[Dataset entries]
::::::

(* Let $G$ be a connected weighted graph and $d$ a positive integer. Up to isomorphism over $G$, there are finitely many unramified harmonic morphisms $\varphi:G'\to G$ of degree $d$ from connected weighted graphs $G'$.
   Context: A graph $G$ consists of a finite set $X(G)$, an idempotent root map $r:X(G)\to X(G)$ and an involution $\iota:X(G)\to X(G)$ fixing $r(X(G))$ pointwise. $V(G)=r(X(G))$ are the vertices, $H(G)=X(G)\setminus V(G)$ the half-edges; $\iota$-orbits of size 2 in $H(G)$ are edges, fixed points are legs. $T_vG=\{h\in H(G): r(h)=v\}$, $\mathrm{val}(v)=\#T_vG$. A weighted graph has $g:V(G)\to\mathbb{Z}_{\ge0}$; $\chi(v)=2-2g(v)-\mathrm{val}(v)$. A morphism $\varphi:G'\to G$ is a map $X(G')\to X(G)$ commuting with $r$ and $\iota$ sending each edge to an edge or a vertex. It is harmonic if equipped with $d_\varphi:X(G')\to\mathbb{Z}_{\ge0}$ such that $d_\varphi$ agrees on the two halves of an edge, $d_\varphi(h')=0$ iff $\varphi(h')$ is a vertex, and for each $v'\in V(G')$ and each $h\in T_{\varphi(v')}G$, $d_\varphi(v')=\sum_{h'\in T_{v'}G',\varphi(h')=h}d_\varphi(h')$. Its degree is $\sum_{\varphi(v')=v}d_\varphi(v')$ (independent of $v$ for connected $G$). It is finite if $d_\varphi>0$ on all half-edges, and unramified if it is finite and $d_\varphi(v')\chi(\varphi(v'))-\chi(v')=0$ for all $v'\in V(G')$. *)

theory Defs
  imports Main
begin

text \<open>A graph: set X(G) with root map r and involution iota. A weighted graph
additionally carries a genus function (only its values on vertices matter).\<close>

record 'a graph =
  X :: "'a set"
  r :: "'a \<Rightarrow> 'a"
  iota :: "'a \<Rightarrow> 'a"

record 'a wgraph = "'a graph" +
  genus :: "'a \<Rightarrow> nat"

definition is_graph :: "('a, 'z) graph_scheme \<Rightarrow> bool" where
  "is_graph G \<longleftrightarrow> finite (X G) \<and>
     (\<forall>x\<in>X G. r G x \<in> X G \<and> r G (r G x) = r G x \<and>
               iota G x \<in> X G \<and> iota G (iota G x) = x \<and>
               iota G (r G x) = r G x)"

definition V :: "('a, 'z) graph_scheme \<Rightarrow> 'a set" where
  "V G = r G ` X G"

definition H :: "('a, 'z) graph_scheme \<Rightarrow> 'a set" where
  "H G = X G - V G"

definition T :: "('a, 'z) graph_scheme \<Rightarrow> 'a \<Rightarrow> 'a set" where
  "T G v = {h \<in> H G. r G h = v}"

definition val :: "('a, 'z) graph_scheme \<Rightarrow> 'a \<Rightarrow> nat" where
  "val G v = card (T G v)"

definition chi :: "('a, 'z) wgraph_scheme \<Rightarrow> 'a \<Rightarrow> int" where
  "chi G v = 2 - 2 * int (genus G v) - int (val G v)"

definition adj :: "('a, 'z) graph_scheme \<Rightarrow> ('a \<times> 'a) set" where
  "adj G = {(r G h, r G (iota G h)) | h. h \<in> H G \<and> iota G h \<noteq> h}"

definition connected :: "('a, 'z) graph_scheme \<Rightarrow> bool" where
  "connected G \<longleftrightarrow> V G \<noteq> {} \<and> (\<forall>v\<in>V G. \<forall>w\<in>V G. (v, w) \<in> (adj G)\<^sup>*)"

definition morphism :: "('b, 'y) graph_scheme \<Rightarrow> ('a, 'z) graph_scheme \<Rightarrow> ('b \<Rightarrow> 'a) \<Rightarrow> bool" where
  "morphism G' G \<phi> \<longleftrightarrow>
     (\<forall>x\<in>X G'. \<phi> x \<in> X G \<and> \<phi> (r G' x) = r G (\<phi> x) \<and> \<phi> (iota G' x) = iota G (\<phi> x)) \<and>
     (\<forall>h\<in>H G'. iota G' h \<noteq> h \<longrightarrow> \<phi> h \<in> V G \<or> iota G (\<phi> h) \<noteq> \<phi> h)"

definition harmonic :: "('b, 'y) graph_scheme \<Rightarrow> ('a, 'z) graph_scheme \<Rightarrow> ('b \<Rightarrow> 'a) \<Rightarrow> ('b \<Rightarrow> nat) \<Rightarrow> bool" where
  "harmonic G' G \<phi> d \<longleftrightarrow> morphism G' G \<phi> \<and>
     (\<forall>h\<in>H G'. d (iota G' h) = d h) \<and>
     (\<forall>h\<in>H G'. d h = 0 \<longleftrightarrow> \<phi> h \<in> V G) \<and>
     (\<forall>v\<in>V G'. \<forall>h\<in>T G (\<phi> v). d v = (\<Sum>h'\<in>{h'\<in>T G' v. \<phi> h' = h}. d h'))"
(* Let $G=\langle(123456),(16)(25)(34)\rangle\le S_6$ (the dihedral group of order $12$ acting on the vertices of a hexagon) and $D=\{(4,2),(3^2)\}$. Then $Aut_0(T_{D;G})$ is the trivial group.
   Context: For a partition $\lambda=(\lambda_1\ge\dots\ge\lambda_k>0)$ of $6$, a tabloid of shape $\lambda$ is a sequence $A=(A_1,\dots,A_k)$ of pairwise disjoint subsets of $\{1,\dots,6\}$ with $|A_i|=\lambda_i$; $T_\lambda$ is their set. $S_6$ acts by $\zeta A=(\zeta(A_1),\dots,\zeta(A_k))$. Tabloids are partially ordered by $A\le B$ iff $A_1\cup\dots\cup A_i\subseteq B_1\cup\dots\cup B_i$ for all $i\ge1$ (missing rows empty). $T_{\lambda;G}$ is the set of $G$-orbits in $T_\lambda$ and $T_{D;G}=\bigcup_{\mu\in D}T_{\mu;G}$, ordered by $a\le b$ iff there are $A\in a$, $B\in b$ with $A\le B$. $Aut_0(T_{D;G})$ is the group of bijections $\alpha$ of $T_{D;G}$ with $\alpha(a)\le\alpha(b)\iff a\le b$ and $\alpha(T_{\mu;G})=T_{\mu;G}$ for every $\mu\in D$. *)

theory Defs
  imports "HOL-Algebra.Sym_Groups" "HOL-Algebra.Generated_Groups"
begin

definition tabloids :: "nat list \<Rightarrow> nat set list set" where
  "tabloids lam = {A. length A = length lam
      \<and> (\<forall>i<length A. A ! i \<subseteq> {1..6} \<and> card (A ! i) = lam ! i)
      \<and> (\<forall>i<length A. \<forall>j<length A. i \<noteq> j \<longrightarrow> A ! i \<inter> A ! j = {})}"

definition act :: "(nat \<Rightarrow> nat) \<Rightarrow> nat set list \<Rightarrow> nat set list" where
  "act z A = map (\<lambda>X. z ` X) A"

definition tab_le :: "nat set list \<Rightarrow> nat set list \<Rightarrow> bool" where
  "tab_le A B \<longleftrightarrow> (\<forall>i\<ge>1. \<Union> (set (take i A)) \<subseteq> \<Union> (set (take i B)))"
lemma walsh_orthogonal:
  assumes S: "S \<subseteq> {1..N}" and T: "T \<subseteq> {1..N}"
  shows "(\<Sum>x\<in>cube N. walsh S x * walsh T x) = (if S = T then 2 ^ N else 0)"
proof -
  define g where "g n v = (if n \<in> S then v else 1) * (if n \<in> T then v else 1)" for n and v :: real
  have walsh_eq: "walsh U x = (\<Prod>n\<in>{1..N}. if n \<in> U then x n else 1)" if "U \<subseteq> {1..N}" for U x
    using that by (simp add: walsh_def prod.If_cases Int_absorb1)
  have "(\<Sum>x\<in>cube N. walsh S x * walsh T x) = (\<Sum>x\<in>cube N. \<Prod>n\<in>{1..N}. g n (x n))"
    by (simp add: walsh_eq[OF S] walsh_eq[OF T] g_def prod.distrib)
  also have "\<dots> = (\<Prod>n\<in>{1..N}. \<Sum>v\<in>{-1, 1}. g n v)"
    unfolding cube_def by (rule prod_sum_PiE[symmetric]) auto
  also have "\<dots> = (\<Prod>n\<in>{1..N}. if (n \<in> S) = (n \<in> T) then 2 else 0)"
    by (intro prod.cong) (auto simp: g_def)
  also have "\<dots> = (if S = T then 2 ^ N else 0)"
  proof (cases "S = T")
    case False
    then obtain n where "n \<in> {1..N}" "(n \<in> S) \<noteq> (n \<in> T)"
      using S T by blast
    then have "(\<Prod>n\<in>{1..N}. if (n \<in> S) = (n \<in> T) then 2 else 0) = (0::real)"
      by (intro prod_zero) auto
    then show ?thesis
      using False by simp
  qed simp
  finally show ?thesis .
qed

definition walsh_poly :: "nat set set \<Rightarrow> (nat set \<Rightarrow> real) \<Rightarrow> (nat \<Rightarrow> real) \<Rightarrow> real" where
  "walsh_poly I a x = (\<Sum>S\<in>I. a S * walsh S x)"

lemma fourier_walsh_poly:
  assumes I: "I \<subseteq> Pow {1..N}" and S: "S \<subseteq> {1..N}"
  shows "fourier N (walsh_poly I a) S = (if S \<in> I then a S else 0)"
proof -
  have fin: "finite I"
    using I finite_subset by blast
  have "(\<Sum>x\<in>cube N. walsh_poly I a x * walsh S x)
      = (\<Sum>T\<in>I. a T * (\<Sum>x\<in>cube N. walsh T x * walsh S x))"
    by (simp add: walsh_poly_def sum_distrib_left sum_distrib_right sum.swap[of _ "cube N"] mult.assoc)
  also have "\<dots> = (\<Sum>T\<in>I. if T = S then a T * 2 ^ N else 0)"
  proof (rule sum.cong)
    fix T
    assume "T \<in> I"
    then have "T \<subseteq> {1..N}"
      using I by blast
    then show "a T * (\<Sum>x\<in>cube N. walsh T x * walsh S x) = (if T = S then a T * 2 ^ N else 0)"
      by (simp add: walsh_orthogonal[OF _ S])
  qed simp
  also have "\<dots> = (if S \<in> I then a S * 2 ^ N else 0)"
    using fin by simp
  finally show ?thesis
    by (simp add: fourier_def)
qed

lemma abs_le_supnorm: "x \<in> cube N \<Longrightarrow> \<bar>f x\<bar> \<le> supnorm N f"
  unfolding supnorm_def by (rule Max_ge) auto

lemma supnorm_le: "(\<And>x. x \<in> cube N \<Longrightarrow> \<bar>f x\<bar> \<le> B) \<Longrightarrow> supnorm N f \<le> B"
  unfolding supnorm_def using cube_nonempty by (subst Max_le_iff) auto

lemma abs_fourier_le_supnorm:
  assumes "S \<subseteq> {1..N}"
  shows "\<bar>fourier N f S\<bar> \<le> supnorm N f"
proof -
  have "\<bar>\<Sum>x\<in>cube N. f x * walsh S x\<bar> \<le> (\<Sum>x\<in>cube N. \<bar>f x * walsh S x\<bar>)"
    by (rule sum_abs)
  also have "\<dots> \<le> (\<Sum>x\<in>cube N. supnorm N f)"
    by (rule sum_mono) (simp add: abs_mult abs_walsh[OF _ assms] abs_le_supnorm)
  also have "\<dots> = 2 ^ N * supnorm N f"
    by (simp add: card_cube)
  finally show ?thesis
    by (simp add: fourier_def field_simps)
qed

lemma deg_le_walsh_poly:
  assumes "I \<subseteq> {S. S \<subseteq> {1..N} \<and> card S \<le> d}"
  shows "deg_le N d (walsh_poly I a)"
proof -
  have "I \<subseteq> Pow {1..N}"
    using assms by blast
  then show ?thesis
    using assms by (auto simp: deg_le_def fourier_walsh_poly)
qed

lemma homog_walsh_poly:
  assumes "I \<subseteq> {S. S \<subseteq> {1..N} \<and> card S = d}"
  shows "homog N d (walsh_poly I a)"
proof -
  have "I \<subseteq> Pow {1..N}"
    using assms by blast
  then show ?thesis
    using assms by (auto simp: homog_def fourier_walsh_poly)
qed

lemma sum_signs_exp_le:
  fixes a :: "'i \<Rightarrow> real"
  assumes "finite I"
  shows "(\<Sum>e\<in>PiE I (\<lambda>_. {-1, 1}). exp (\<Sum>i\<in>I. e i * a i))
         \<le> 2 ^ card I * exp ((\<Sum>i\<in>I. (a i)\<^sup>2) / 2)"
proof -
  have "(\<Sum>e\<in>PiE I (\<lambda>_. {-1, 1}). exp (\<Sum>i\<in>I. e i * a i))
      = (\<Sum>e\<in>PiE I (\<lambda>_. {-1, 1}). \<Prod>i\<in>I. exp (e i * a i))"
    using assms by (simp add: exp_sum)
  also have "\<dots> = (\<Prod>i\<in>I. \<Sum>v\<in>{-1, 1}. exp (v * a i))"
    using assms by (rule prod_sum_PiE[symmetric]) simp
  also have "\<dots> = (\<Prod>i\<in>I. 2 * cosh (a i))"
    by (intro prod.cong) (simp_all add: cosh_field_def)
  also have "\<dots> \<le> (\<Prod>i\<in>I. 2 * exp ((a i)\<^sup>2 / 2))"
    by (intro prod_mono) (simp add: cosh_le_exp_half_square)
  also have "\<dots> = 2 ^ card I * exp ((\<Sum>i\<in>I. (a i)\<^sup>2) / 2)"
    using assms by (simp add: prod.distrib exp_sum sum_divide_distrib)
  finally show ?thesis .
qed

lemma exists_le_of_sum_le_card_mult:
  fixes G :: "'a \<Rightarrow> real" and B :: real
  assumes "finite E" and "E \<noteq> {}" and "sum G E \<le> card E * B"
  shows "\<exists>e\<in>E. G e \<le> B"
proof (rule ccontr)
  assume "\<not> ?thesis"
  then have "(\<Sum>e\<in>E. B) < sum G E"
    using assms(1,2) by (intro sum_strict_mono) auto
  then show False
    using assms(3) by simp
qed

::::::

## Your goal
All that belongs in the answer is the run of lines above from the line containing "using S T by blast" through the line containing "(\<Sum>T\<in>I. a T", exactly as written.

## Result for this task
      using S T by blast
    then have "(\<Prod>n\<in>{1..N}. if (n \<in> S) = (n \<in> T) then 2 else 0) = (0::real)"
      by (intro prod_zero) auto
    then show ?thesis
      using False by simp
  qed simp
  finally show ?thesis .
qed

definition walsh_poly :: "nat set set \<Rightarrow> (nat set \<Rightarrow> real) \<Rightarrow> (nat \<Rightarrow> real) \<Rightarrow> real" where
  "walsh_poly I a x = (\<Sum>S\<in>I. a S * walsh S x)"

lemma fourier_walsh_poly:
  assumes I: "I \<subseteq> Pow {1..N}" and S: "S \<subseteq> {1..N}"
  shows "fourier N (walsh_poly I a) S = (if S \<in> I then a S else 0)"
proof -
  have fin: "finite I"
    using I finite_subset by blast
  have "(\<Sum>x\<in>cube N. walsh_poly I a x * walsh S x)
      = (\<Sum>T\<in>I. a T * (\<Sum>x\<in>cube N. walsh T x * walsh S x))"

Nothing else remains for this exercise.